== Supplied data ==
(* Let $(Q,\mathcal Q)$ and $(\Delta,\mathcal D)$ be measurable spaces and $f:Q\to Q$, $g:Q\to\Delta$ measurable maps. Consider the generator $[(Q,\mathcal Q),T,(\Delta,\mathcal D)]$ defined by $T(x,\cdot):=\delta_{(f(x),\,g(f(x)))}$, i.e. $T(x,A\times B)=1$ if $f(x)\in A$ and $g(f(x))\in B$, and $0$ otherwise. Then $$\sigma_Q(T)=\sigma(g\circ f,\,g\circ f^2,\,g\circ f^3,\dots),$$ the $\sigma$-algebra on $Q$ generated by the maps $g\circ f^k$, $k\ge1$.
   Context: A generator $[(Q,\mathcal Q),T,(\Delta,\mathcal D)]$ consists of measurable spaces $(Q,\mathcal Q)$ and $(\Delta,\mathcal D)$ and a Markov transition kernel $T$ from $(Q,\mathcal Q)$ to $(Q\times\Delta,\mathcal Q\otimes\mathcal D)$. For such a generator, $\sigma_Q(T)$ denotes the smallest $\sigma$-subalgebra $\mathcal A$ of $\mathcal Q$ such that for every $C\in\mathcal A\otimes\mathcal D$ the function $x\mapsto T(x,C)$ is $\mathcal A$-measurable (equivalently, the intersection of all $\sigma$-subalgebras of $\mathcal Q$ with this property). *)

theory Defs
  imports "HOL-Probability.Probability"
begin

text \<open>A transition kernel from Q to Q x D is modelled as a function
  T :: 'q => ('q * 'd) measure; T(x,C) is emeasure (T x) C.
  sigmaQ Q D T is the intersection of all sigma-subalgebras A of sets Q
  such that for every C in A (x) D the map x |-> T(x,C) is A-measurable.\<close>

definition kernel_invariant_subalgebra ::
  "'q measure \<Rightarrow> 'd measure \<Rightarrow> ('q \<Rightarrow> ('q \<times> 'd) measure) \<Rightarrow> 'q set set \<Rightarrow> bool" where
  "kernel_invariant_subalgebra Q D T A \<longleftrightarrow>
     sigma_algebra (space Q) A \<and> A \<subseteq> sets Q \<and>
     (\<forall>C \<in> sets (sigma (space Q) A \<Otimes>\<^sub>M D).
        (\<lambda>x. emeasure (T x) C) \<in> borel_measurable (sigma (space Q) A))"

definition sigmaQ ::
  "'q measure \<Rightarrow> 'd measure \<Rightarrow> ('q \<Rightarrow> ('q \<times> 'd) measure) \<Rightarrow> 'q set set" where
  "sigmaQ Q D T = \<Inter> {A. kernel_invariant_subalgebra Q D T A}"

end

theory Submission
  imports Defs
begin

text \<open>For a deterministic kernel \<open>T x = \<delta>\<^bsub>h x\<^esub>\<close>, \<open>T(x, C)\<close> is the indicator of \<open>h\<^sup>-\<^sup>1 C\<close>,
  so a sub-\<open>\<sigma>\<close>-algebra \<open>\<A>\<close> is kernel-invariant exactly when \<open>h\<close> is \<open>\<A>/\<A> \<otimes> \<D>\<close>-measurable.
  For \<open>h = (f, g \<circ> f)\<close> this means that \<open>\<A>\<close> is invariant under \<open>f\<^sup>-\<^sup>1\<close> and makes \<open>g \<circ> f\<close>
  measurable; the smallest such \<open>\<sigma>\<close>-algebra is generated by the maps \<open>g \<circ> f\<^sup>k\<close>, \<open>k \<ge> 1\<close>,
  since \<open>f\<^sup>-\<^sup>1\<close> shifts the generator for \<open>k\<close> to the one for \<open>k + 1\<close>.\<close>

lemma sigmaQ_eqI:
  assumes "kernel_invariant_subalgebra Q D T A"
    and "\<And>B. kernel_invariant_subalgebra Q D T B \<Longrightarrow> A \<subseteq> B"
  shows "sigmaQ Q D T = A"
  using assms unfolding sigmaQ_def by blast

lemma kernel_invariant_subalgebra_return_iff:
  assumes h: "h \<in> Q \<rightarrow>\<^sub>M Q \<Otimes>\<^sub>M D"
  shows "kernel_invariant_subalgebra Q D (\<lambda>x. return (Q \<Otimes>\<^sub>M D) (h x)) A \<longleftrightarrow>
    sigma_algebra (space Q) A \<and> A \<subseteq> sets Q \<and>
    h \<in> sigma (space Q) A \<rightarrow>\<^sub>M sigma (space Q) A \<Otimes>\<^sub>M D"
proof (cases "sigma_algebra (space Q) A \<and> A \<subseteq> sets Q")
  case False
  then show ?thesis
    unfolding kernel_invariant_subalgebra_def by blast
next
  case True
  let ?M = "sigma (space Q) A"
  have sets_M: "sets ?M = A" and space_M: "space ?M = space Q"
    using True by (simp_all add: sigma_algebra.sets_measure_of_eq sigma_algebra.space_measure_of_eq)
  have "sets (?M \<Otimes>\<^sub>M D) \<subseteq> sets (Q \<Otimes>\<^sub>M D)"
    by (rule sets_pair_in_sets) (use sets_M True in auto)
  then have emeasure_eq: "emeasure (return (Q \<Otimes>\<^sub>M D) (h x)) C = indicator C (h x)"
    if "C \<in> sets (?M \<Otimes>\<^sub>M D)" for x C
    using that by auto
  have "(\<forall>C \<in> sets (?M \<Otimes>\<^sub>M D).
          (\<lambda>x. emeasure (return (Q \<Otimes>\<^sub>M D) (h x)) C) \<in> borel_measurable ?M) \<longleftrightarrow>
        h \<in> ?M \<rightarrow>\<^sub>M ?M \<Otimes>\<^sub>M D"
  proof
    assume kernel_measurable: "\<forall>C \<in> sets (?M \<Otimes>\<^sub>M D).
      (\<lambda>x. emeasure (return (Q \<Otimes>\<^sub>M D) (h x)) C) \<in> borel_measurable ?M"
    show "h \<in> ?M \<rightarrow>\<^sub>M ?M \<Otimes>\<^sub>M D"
    proof (rule measurable_pair_measureI)
      show "h \<in> space ?M \<rightarrow> space ?M \<times> space D"
        using measurable_space[OF h] space_M by (auto simp: space_pair_measure)
    next
      fix E B assume "E \<in> sets ?M" "B \<in> sets D"
      then have EB: "E \<times> B \<in> sets (?M \<Otimes>\<^sub>M D)" by auto
      have "h -` (E \<times> B) \<inter> space ?M =
            (\<lambda>x. emeasure (return (Q \<Otimes>\<^sub>M D) (h x)) (E \<times> B)) -` {1} \<inter> space ?M"
        using emeasure_eq[OF EB] by (auto simp: indicator_def)
      also have "\<dots> \<in> sets ?M"
        using kernel_measurable EB by (auto intro: measurable_sets)
      finally show "h -` (E \<times> B) \<inter> space ?M \<in> sets ?M" .
    qed
  next
    assume "h \<in> ?M \<rightarrow>\<^sub>M ?M \<Otimes>\<^sub>M D"
    then show "\<forall>C \<in> sets (?M \<Otimes>\<^sub>M D).
      (\<lambda>x. emeasure (return (Q \<Otimes>\<^sub>M D) (h x)) C) \<in> borel_measurable ?M"
      using emeasure_eq by (simp add: measurable_compose[OF _ borel_measurable_indicator])
  qed
  with True show ?thesis
    unfolding kernel_invariant_subalgebra_def by blast
qed

definition future_observation_sets ::
  "'q measure \<Rightarrow> 'd measure \<Rightarrow> ('q \<Rightarrow> 'q) \<Rightarrow> ('q \<Rightarrow> 'd) \<Rightarrow> 'q set set" where
  "future_observation_sets Q D f g =
     (\<Union>k\<in>{1::nat..}. {(g \<circ> (f ^^ k)) -` B \<inter> space Q | B. B \<in> sets D})"

lemma future_observation_sets_subset_Pow: "future_observation_sets Q D f g \<subseteq> Pow (space Q)"
  unfolding future_observation_sets_def by auto

lemma
  shows sets_sigma_future_observation:
      "sets (sigma (space Q) (sigma_sets (space Q) (future_observation_sets Q D f g))) =
       sigma_sets (space Q) (future_observation_sets Q D f g)"
    and space_sigma_future_observation:
      "space (sigma (space Q) (sigma_sets (space Q) (future_observation_sets Q D f g))) = space Q"
  using sigma_algebra_sigma_sets[OF future_observation_sets_subset_Pow[of Q D f g]]
  by (simp_all add: sigma_algebra.sets_measure_of_eq sigma_algebra.space_measure_of_eq)

lemma future_observation_sets_subset_sets:
  assumes "f \<in> Q \<rightarrow>\<^sub>M Q" and "g \<in> Q \<rightarrow>\<^sub>M D"
  shows "sigma_sets (space Q) (future_observation_sets Q D f g) \<subseteq> sets Q"
proof -
  have "f ^^ k \<in> Q \<rightarrow>\<^sub>M Q" for k
    by (induction k) (auto intro: measurable_compose[OF _ assms(1)])
  then have "future_observation_sets Q D f g \<subseteq> sets Q"
    unfolding future_observation_sets_def using assms(2) by (auto intro: measurable_sets)
  then show ?thesis
    by (rule sets.sigma_sets_subset)
qed

lemma vimage_future_observation:
  assumes "f \<in> space Q \<rightarrow> space Q"
  shows "f -` ((g \<circ> (f ^^ k)) -` B \<inter> space Q) \<inter> space Q = (g \<circ> (f ^^ Suc k)) -` B \<inter> space Q"
  using assms by (auto simp: funpow_Suc_right simp del: funpow.simps)

lemma measurable_future_shift:
  assumes "f \<in> space Q \<rightarrow> space Q"
  shows "f \<in> sigma (space Q) (sigma_sets (space Q) (future_observation_sets Q D f g))
           \<rightarrow>\<^sub>M sigma (space Q) (sigma_sets (space Q) (future_observation_sets Q D f g))"
proof -
  let ?G = "future_observation_sets Q D f g"
  let ?M = "sigma (space Q) (sigma_sets (space Q) ?G)"
  have "f \<in> ?M \<rightarrow>\<^sub>M sigma (space Q) ?G"
  proof (rule measurable_measure_of[OF future_observation_sets_subset_Pow])
    show "f \<in> space ?M \<rightarrow> space Q"
      using assms by (simp add: space_sigma_future_observation)
    fix E assume "E \<in> ?G"
    then obtain k B where B: "B \<in> sets D" and E: "E = (g \<circ> (f ^^ k)) -` B \<inter> space Q"
      unfolding future_observation_sets_def by auto
    have "f -` E \<inter> space Q = (g \<circ> (f ^^ Suc k)) -` B \<inter> space Q"
      by (simp only: E vimage_future_observation[OF assms])
    also have "\<dots> \<in> ?G"
      unfolding future_observation_sets_def using B by (intro UN_I[of "Suc k"]) auto
    finally show "f -` E \<inter> space ?M \<in> sets ?M"
      unfolding sets_sigma_future_observation space_sigma_future_observation
      by (rule sigma_sets.Basic)
  qed
  moreover have "sets (sigma (space Q) ?G) = sets ?M"
    using future_observation_sets_subset_Pow[of Q D f g]
    by (simp add: sets_sigma_future_observation)
  ultimately show ?thesis
    using measurable_cong_sets[OF refl] by blast
qed

lemma measurable_future_observation:
  assumes "f \<in> space Q \<rightarrow> space Q" and "g \<in> space Q \<rightarrow> space D"
  shows "g \<circ> f \<in> sigma (space Q) (sigma_sets (space Q) (future_observation_sets Q D f g)) \<rightarrow>\<^sub>M D"
proof (rule measurableI)
  let ?F = "sigma_sets (space Q) (future_observation_sets Q D f g)"
  show "(g \<circ> f) x \<in> space D" if "x \<in> space (sigma (space Q) ?F)" for x
    using assms that by (auto simp: space_sigma_future_observation)
  fix B assume "B \<in> sets D"
  then have "(g \<circ> (f ^^ 1)) -` B \<inter> space Q \<in> future_observation_sets Q D f g"
    unfolding future_observation_sets_def by (intro UN_I[of 1]) auto
  then show "(g \<circ> f) -` B \<inter> space (sigma (space Q) ?F) \<in> sets (sigma (space Q) ?F)"
    by (auto simp: sets_sigma_future_observation space_sigma_future_observation)
qed

lemma future_observation_sets_minimal:
  assumes A: "sigma_algebra (space Q) A"
    and f: "f \<in> sigma (space Q) A \<rightarrow>\<^sub>M sigma (space Q) A"
    and gf: "g \<circ> f \<in> sigma (space Q) A \<rightarrow>\<^sub>M D"
  shows "sigma_sets (space Q) (future_observation_sets Q D f g) \<subseteq> A"
proof -
  have sets_M: "sets (sigma (space Q) A) = A" and space_M: "space (sigma (space Q) A) = space Q"
    using A by (simp_all add: sigma_algebra.sets_measure_of_eq sigma_algebra.space_measure_of_eq)
  have f_space: "f \<in> space Q \<rightarrow> space Q"
    using measurable_space[OF f] space_M by auto
  have "(g \<circ> (f ^^ Suc k)) -` B \<inter> space Q \<in> A" if "B \<in> sets D" for k B
  proof (induction k)
    case 0
    show ?case using measurable_sets[OF gf that] sets_M space_M by (simp add: comp_def)
  next
    case (Suc k)
    then have "(g \<circ> (f ^^ Suc k)) -` B \<inter> space Q \<in> sets (sigma (space Q) A)"
      by (simp only: sets_M)
    from measurable_sets[OF f this]
    have "f -` ((g \<circ> (f ^^ Suc k)) -` B \<inter> space Q) \<inter> space Q \<in> A"
      by (simp only: sets_M space_M)
    then show ?case
      unfolding vimage_future_observation[OF f_space] .
  qed
  then have "future_observation_sets Q D f g \<subseteq> A"
    unfolding future_observation_sets_def by (auto dest!: Suc_le_D)
  then show ?thesis
    by (rule sigma_algebra.sigma_sets_subset[OF A])
qed

lemma kernel_invariant_subalgebra_return_orbit_iff:
  assumes "f \<in> Q \<rightarrow>\<^sub>M Q" and "g \<in> Q \<rightarrow>\<^sub>M D"
  shows "kernel_invariant_subalgebra Q D (\<lambda>x. return (Q \<Otimes>\<^sub>M D) (f x, g (f x))) A \<longleftrightarrow>
    sigma_algebra (space Q) A \<and> A \<subseteq> sets Q \<and>
    f \<in> sigma (space Q) A \<rightarrow>\<^sub>M sigma (space Q) A \<and> g \<circ> f \<in> sigma (space Q) A \<rightarrow>\<^sub>M D"
proof -
  have "(\<lambda>x. (f x, g (f x))) \<in> Q \<rightarrow>\<^sub>M Q \<Otimes>\<^sub>M D"
    using assms by measurable
  then show ?thesis
    by (simp add: kernel_invariant_subalgebra_return_iff measurable_pair_iff comp_def)
qed

theorem theorem4p2:
  fixes Q :: "'q measure" and D :: "'d measure"
    and f :: "'q \<Rightarrow> 'q" and g :: "'q \<Rightarrow> 'd"
  assumes f: "f \<in> Q \<rightarrow>\<^sub>M Q" and g: "g \<in> Q \<rightarrow>\<^sub>M D"
  shows "sigmaQ Q D (\<lambda>x. return (Q \<Otimes>\<^sub>M D) (f x, g (f x))) =
         sigma_sets (space Q)
           (\<Union>k\<in>{1::nat..}. {(g \<circ> (f ^^ k)) -` B \<inter> space Q | B. B \<in> sets D})"
proof -
  have f_space: "f \<in> space Q \<rightarrow> space Q" and g_space: "g \<in> space Q \<rightarrow> space D"
    using f g by (auto intro: measurable_space)
  have "sigmaQ Q D (\<lambda>x. return (Q \<Otimes>\<^sub>M D) (f x, g (f x))) =
        sigma_sets (space Q) (future_observation_sets Q D f g)"
  proof (rule sigmaQ_eqI)
    show "kernel_invariant_subalgebra Q D (\<lambda>x. return (Q \<Otimes>\<^sub>M D) (f x, g (f x)))
            (sigma_sets (space Q) (future_observation_sets Q D f g))"
      unfolding kernel_invariant_subalgebra_return_orbit_iff[OF f g]
      using sigma_algebra_sigma_sets[OF future_observation_sets_subset_Pow]
        future_observation_sets_subset_sets[OF f g]
        measurable_future_shift[OF f_space] measurable_future_observation[OF f_space g_space]
      by blast
  qed (simp add: kernel_invariant_subalgebra_return_orbit_iff[OF f g] future_observation_sets_minimal)
  then show ?thesis
    unfolding future_observation_sets_def .
qed

end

== Exercise details ==
Restate the listing exactly, starting at its first line and ending at the line where "T :: 'q => ('q * 'd) measure;" occurs; include both and no other lines.

== Written response ==
(* Let $(Q,\mathcal Q)$ and $(\Delta,\mathcal D)$ be measurable spaces and $f:Q\to Q$, $g:Q\to\Delta$ measurable maps. Consider the generator $[(Q,\mathcal Q),T,(\Delta,\mathcal D)]$ defined by $T(x,\cdot):=\delta_{(f(x),\,g(f(x)))}$, i.e. $T(x,A\times B)=1$ if $f(x)\in A$ and $g(f(x))\in B$, and $0$ otherwise. Then $$\sigma_Q(T)=\sigma(g\circ f,\,g\circ f^2,\,g\circ f^3,\dots),$$ the $\sigma$-algebra on $Q$ generated by the maps $g\circ f^k$, $k\ge1$.
   Context: A generator $[(Q,\mathcal Q),T,(\Delta,\mathcal D)]$ consists of measurable spaces $(Q,\mathcal Q)$ and $(\Delta,\mathcal D)$ and a Markov transition kernel $T$ from $(Q,\mathcal Q)$ to $(Q\times\Delta,\mathcal Q\otimes\mathcal D)$. For such a generator, $\sigma_Q(T)$ denotes the smallest $\sigma$-subalgebra $\mathcal A$ of $\mathcal Q$ such that for every $C\in\mathcal A\otimes\mathcal D$ the function $x\mapsto T(x,C)$ is $\mathcal A$-measurable (equivalently, the intersection of all $\sigma$-subalgebras of $\mathcal Q$ with this property). *)

theory Defs
  imports "HOL-Probability.Probability"
begin

text \<open>A transition kernel from Q to Q x D is modelled as a function
  T :: 'q => ('q * 'd) measure; T(x,C) is emeasure (T x) C.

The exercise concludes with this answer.